So we’re supposed to start paying $1k-$1,5k on top of already crazy salaries just to maybe get a productivity boost on trivial to semi trivial issues? I know my boss would not be keen on that at least.
If devs salaries are so crazy its quite the opposite. NOT investing 1-1.5k/mo to improve their productivity by a measurable amount would quite literally be just plain stupid and I would question your boss ability to think critically.
Not to mention - while I know many don't like it, they may be able to achieve enough of a productivity boost to not require hiring as many of those crazy salaried devs.
Its literally a no-brainer. Thinking about it from just the individual cost factor is too simplified a view.
Hardware companies routinely license individual EDA tool seats that cost more than numerous developer salaries - $1k/year is nothing if it improves productivity by any measurable amount.
There are many companies that regularly spend much more than that on other software related licenses that devs need to do their job productively.
If the average US salaried developer is 10-15% more productive for just 1k more a month it is literally a no-brainer for companies to invest in that.

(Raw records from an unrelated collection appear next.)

lemma indep_vars_pair:
  fixes X :: "'i \<Rightarrow> 'a \<Rightarrow> real"
  assumes "indep_vars (\<lambda>_. borel) X I" "i \<in> I" "j \<in> I" "i \<noteq> j"
  shows "indep_var borel (X i) borel (X j)"
proof -
  have "indep_vars (\<lambda>_. borel) X (insert i {j})"
    by (rule indep_vars_subset[OF assms(1)]) (use assms in auto)
  then have "indep_var borel (X i) borel (\<lambda>\<omega>. \<Sum>k\<in>{j}. X k \<omega>)"
    by (rule indep_vars_sum[rotated 2]) (use assms in auto)
  then show ?thesis
    by simp
qed

text \<open>If \<open>Z\<close> is atomless and independent of \<open>W\<close>, then \<open>|W| = |Z|\<close> has probability zero:
  by Fubini, every section \<open>{y. |y| = |x|}\<close> of the joint law is a null set of \<open>Z\<close>.\<close>
lemma indep_atomless_no_tie:
  fixes Z W :: "'a \<Rightarrow> real"
  assumes ind: "indep_var borel W borel Z"
    and atomless: "\<And>c. measure M {\<omega> \<in> space M. Z \<omega> = c} = 0"
  shows "measure M {\<omega> \<in> space M. \<bar>W \<omega>\<bar> = \<bar>Z \<omega>\<bar>} = 0"
proof -
  have Wm: "W \<in> borel_measurable M" and Zm: "Z \<in> borel_measurable M"
    and joint: "distr M borel W \<Otimes>\<^sub>M distr M borel Z = distr M (borel \<Otimes>\<^sub>M borel) (\<lambda>x. (W x, Z x))"
    using ind unfolding indep_var_distribution_eq by auto
  define \<mu> where "\<mu> = distr M borel Z"
  interpret \<mu>: prob_space \<mu>
    unfolding \<mu>_def using Zm by (rule prob_space_distr)
  define D where "D = {p :: real \<times> real. \<bar>fst p\<bar> = \<bar>snd p\<bar>}"
  have D_sets: "D \<in> sets (borel \<Otimes>\<^sub>M borel)"
  proof -
    have "D = {p \<in> space (borel \<Otimes>\<^sub>M borel). \<bar>fst p\<bar> = \<bar>snd p\<bar>}"
      by (simp add: D_def space_pair_measure)
    also have "\<dots> \<in> sets (borel \<Otimes>\<^sub>M borel)"
      by measurable
    finally show ?thesis .
  qed
  have section_null: "emeasure \<mu> {y. \<bar>y\<bar> = a} = 0" for a
  proof -
    have point: "emeasure \<mu> {c} = 0" for c
    proof -
      have "emeasure \<mu> {c} = emeasure M {\<omega> \<in> space M. Z \<omega> = c}"
        unfolding \<mu>_def using Zm by (subst emeasure_distr) (auto intro!: arg_cong[where f="emeasure M"])
      then show ?thesis
        using atomless by (simp add: emeasure_eq_measure)
    qed
    have "emeasure \<mu> {y. \<bar>y\<bar> = a} \<le> emeasure \<mu> ({a} \<union> {-a})"
      by (intro emeasure_mono) (auto simp: \<mu>_def)
    also have "\<dots> \<le> emeasure \<mu> {a} + emeasure \<mu> {-a}"
      by (rule emeasure_subadditive) (auto simp: \<mu>_def)
    finally show ?thesis
      using point by simp
  qed
  have "emeasure (distr M borel W \<Otimes>\<^sub>M \<mu>) D = (\<integral>\<^sup>+x. emeasure \<mu> (Pair x -` D) \<partial>distr M borel W)"
    using D_sets by (intro \<mu>.emeasure_pair_measure_alt) (simp add: \<mu>_def)
  also have "\<dots> = (\<integral>\<^sup>+x. 0 \<partial>distr M borel W)"
  proof (rule nn_integral_cong)
    fix x
    have "Pair x -` D = {y. \<bar>y\<bar> = \<bar>x\<bar>}"
      by (auto simp: D_def)
    then show "emeasure \<mu> (Pair x -` D) = 0"
      using section_null by simp
  qed
  finally have "emeasure (distr M (borel \<Otimes>\<^sub>M borel) (\<lambda>x. (W x, Z x))) D = 0"
    using joint by (simp add: \<mu>_def)
  then have "emeasure M ((\<lambda>x. (W x, Z x)) -` D \<inter> space M) = 0"
    using D_sets Wm Zm by (subst (asm) emeasure_distr) auto
  moreover have "(\<lambda>x. (W x, Z x)) -` D \<inter> space M = {\<omega> \<in> space M. \<bar>W \<omega>\<bar> = \<bar>Z \<omega>\<bar>}"
    by (auto simp: D_def)
  ultimately show ?thesis
    by (simp add: measure_def)
qed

Of course on the other side of the coin there are many companies that are very stingy with paying for literally anything for their employees that could measurably improve productivity, and hamper their ability to be productive by intentionally paying for cheap shitty tools. They will just lose out.
I can't use $20 of credit (gpt-5 thinking via intellij's pro AI subscription) a month right now with plenty of usage so I'm surprised at the $1k figure. Is Claude that much more expensive? (a quick Google suggests yes actually).
Having said the above some level of AI spending is the new reality. Your workplace pays for internet right? Probably a really expensive fast corporate grade connection? Well they now also need to pay for an AI subscription. That's just the current reality.
I don't know what Intellij's AI integration is like, but my brief Claude Code experience is that it really chews through tokens. I think it's a combination of putting a lot of background info into the context, along with a lot of "planning" sort of queries that are fairly invisible to the end user but help with building that background for the ultimate query.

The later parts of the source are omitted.